We had two different use cases at a previous job that led to my writing Miyamoto. First, we managed our Macintoshes with puppet, and had users in remote locations that didn't always need to connect to the VPN. When their machines aren't on the VPN or corp network, they couldn't connect to the puppetmaster and didn't receive updates. This was suboptimal. Miyamoto allowed them to get their manifests from an S3 bucket, so as long as they had internet, they got their puppet updates.
Secondly, we had some compute-intensive tasks running in EC2. As the load on the cluster rises and falls, we added and removed instances. Hundreds of thousands of instances over time. Way more than I care to have to deal with when cleaning stale certs out of the ca certs directory. By using an S3 bucket, we eliminated the SPOF of a single puppetmaster, or the maintenance hassle of a cluster of puppetmasters and ca boxes.
But we're losing reporting
Miyamoto writes the facts collected by facter to a status file in the S3 bucket, so you still can see what is happening with your fleet by scraping those files and loading them into your reporting system of choice. They're in json format so they're easy to parse.
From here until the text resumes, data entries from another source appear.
lemma available_nonempty:
  assumes "finite Col" "U \<subseteq> Col" "card U < card Col" "\<forall>c\<in>Col. F c \<noteq> {}"
  shows "available F Col U g \<noteq> {}"
proof -
  have "\<not> Col \<subseteq> U"
    using assms(1-3) card_mono[of U Col] by (metis finite_subset leD)
  then show ?thesis
    using assms(4) unfolding available_def by blast
qed

lemma extremal_selection:
  fixes \<phi> :: "'i \<Rightarrow> 'a \<Rightarrow> real"
  assumes "finite I" "finite Col" "card I \<le> card Col" "\<forall>c\<in>Col. finite (F c) \<and> F c \<noteq> {}"
  shows "\<exists>U g X. U \<subseteq> Col \<and> card U \<le> card I \<and> (\<forall>c\<in>U. g c \<in> F c) \<and>
    (\<forall>i\<in>I. X i \<in> g ` U \<and> (\<forall>B\<in>available F Col U g. \<phi> i (X i) \<le> \<phi> i B))"
  using assms(1,3)
proof (induction I rule: finite_induct)
  case empty
  show ?case
    by (intro exI[of _ "{}"]) simp
next
  case (insert i I)
  then obtain U g X where U: "U \<subseteq> Col" "card U \<le> card I" "\<forall>c\<in>U. g c \<in> F c"
    and X: "\<forall>i'\<in>I. X i' \<in> g ` U \<and> (\<forall>B\<in>available F Col U g. \<phi> i' (X i') \<le> \<phi> i' B)"
    by auto
  have "finite (available F Col U g)"
    unfolding available_def using U(1) assms(2,4) finite_subset[OF U(1)] by auto
  moreover have "card U < card Col"
    using U(2) insert by simp
  then have "available F Col U g \<noteq> {}"
    using available_nonempty[OF assms(2) U(1)] assms(4) by blast
  ultimately obtain Y where Y: "Y \<in> available F Col U g"
    and Y_min: "\<forall>B\<in>available F Col U g. \<phi> i Y \<le> \<phi> i B"
    using arg_min_if_finite[of _ "\<phi> i"] by (metis not_less)
  obtain c where c: "c \<in> Col" "Y \<in> F c" "c \<in> U \<Longrightarrow> g c = Y"
    using Y U unfolding available_def by blast
  define U' where "U' = insert c U"
  define g' where "g' = g(c := Y)"
  have sub: "available F Col U' g' \<subseteq> available F Col U g"
    using available_update_subset[of F Col c U g Y] Y unfolding U'_def g'_def by blast
  have "(X(i := Y)) i' \<in> g' ` U' \<and> (\<forall>B\<in>available F Col U' g'. \<phi> i' ((X(i := Y)) i') \<le> \<phi> i' B)"
    if "i' \<in> insert i I" for i'
  proof (cases "i' = i")
    case True
    have "Y \<in> g' ` U'"
      unfolding U'_def g'_def by simp
    with True show ?thesis
      using Y_min sub by auto
  next
    case False
    with that have "X i' \<in> g ` U" "\<forall>B\<in>available F Col U g. \<phi> i' (X i') \<le> \<phi> i' B"
      using X by auto
    moreover have "g ` U \<subseteq> g' ` U'"
      using c(3) unfolding U'_def g'_def by force
    ultimately show ?thesis
      using False sub by auto
  qed
  moreover have "U' \<subseteq> Col" "\<forall>c'\<in>U'. g' c' \<in> F c'"
    using U c unfolding U'_def g'_def by auto
  moreover have "card U' \<le> Suc (card U)"
    using finite_subset[OF U(1) assms(2)] unfolding U'_def by (simp add: card_insert_if)
  then have "card U' \<le> card (insert i I)"
    using U(2) insert(1,2) by simp
  ultimately show ?case
    by blast
qed

lemma extremal_boxes:
  assumes "finite Col" "2 * d \<le> card Col" "\<forall>c\<in>Col. finite (F c) \<and> F c \<noteq> {}"
  obtains U g R L where "U \<subseteq> Col" "card U \<le> 2 * d" "\<forall>c\<in>U. g c \<in> F c"
    and "\<forall>j<d. R j \<in> g ` U \<and> L j \<in> g ` U"
    and "\<forall>j<d. \<forall>B\<in>available F Col U g. box_hi (R j) j \<le> box_hi B j \<and> box_lo B j \<le> box_lo (L j) j"
proof -
  define \<phi> where "\<phi> jb B = (if snd jb then box_hi B (fst jb) else - box_lo B (fst jb))"
    for jb :: "nat \<times> bool" and B
  have "card ({..<d} \<times> (UNIV :: bool set)) = 2 * d"
    by (simp add: card_cartesian_product)
  then obtain U g X where U: "U \<subseteq> Col" "card U \<le> 2 * d" "\<forall>c\<in>U. g c \<in> F c"
    and X: "\<forall>jb\<in>{..<d} \<times> UNIV. X jb \<in> g ` U \<and> (\<forall>B\<in>available F Col U g. \<phi> jb (X jb) \<le> \<phi> jb B)"
    using extremal_selection[of "{..<d} \<times> UNIV" Col F \<phi>] assms by auto
  have selected: "\<forall>j<d. X (j, True) \<in> g ` U \<and> X (j, False) \<in> g ` U"
    using X by blast
  have extremal: "\<forall>j<d. \<forall>B\<in>available F Col U g.
      box_hi (X (j, True)) j \<le> box_hi B j \<and> box_lo B j \<le> box_lo (X (j, False)) j"
  proof (intro allI impI ballI)
    fix j B assume "j < d" "B \<in> available F Col U g"
    then have "\<phi> (j, True) (X (j, True)) \<le> \<phi> (j, True) B"
      and "\<phi> (j, False) (X (j, False)) \<le> \<phi> (j, False) B"
      using X by auto
    then show "box_hi (X (j, True)) j \<le> box_hi B j \<and> box_lo B j \<le> box_lo (X (j, False)) j"
      unfolding \<phi>_def by simp
  qed
  show ?thesis
    by (rule that[OF U selected extremal])
qed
If you're going to go masterless for both your macs and your servers, I recommend that you use different directory trees in S3. I use
bucket/ubuntu/binaries, bucket/ubuntu/manifests, and bucket/ubuntu/status
for my servers, and
bucket/osx/binaries, bucket/osx/manifests, and bucket/osx/status
for my OS X machines.
Use a different AWS user for each architecture tree, and separate AWS IAM groups to control the acls for the trees. The machine users only need write permission on the status subdirectory of their architecture subtree, and read-only access to the rest of their architecture tree. A compromised machine can't push new manifests, and it can't view the manifests or statuses of the other architectures.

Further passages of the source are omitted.